(Beginning of EXERCISE DATA)
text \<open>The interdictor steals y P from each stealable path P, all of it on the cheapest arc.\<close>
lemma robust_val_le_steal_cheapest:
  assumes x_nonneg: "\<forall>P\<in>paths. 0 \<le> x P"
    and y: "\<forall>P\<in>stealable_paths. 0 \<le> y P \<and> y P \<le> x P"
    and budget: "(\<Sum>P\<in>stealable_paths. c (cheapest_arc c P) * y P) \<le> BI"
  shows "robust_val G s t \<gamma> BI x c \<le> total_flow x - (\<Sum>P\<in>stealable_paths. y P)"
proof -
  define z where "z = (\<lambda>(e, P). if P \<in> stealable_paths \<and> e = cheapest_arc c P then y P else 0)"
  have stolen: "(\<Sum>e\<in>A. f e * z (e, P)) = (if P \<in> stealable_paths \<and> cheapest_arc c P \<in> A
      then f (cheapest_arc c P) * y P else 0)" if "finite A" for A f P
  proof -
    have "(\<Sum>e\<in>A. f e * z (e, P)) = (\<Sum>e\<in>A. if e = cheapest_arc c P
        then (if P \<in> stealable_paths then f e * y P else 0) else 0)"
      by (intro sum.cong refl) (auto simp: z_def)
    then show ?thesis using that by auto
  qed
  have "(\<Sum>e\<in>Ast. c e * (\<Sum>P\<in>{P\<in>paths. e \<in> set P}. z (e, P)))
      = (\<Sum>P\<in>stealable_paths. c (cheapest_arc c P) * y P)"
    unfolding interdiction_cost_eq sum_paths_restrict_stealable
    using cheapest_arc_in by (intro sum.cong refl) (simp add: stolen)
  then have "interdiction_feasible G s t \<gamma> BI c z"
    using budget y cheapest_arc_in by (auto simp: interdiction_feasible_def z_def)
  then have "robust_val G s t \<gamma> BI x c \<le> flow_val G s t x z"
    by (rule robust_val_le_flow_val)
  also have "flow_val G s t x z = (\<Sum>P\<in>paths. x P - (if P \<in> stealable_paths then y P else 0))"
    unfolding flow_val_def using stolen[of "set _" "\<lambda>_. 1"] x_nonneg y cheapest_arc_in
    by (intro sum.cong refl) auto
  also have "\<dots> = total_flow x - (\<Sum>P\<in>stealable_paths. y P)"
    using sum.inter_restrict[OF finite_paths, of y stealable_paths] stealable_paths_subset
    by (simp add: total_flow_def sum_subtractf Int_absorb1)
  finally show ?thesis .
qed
(End of EXERCISE DATA)
• [YOUR ASSIGNMENT]
For each line in the data above that contains the string "intro", extract the line.

• [THE COMPLETED TASK]
      by (intro sum.cong refl) (auto simp: z_def)
    using cheapest_arc_in by (intro sum.cong refl) (simp add: stolen)
    by (intro sum.cong refl) auto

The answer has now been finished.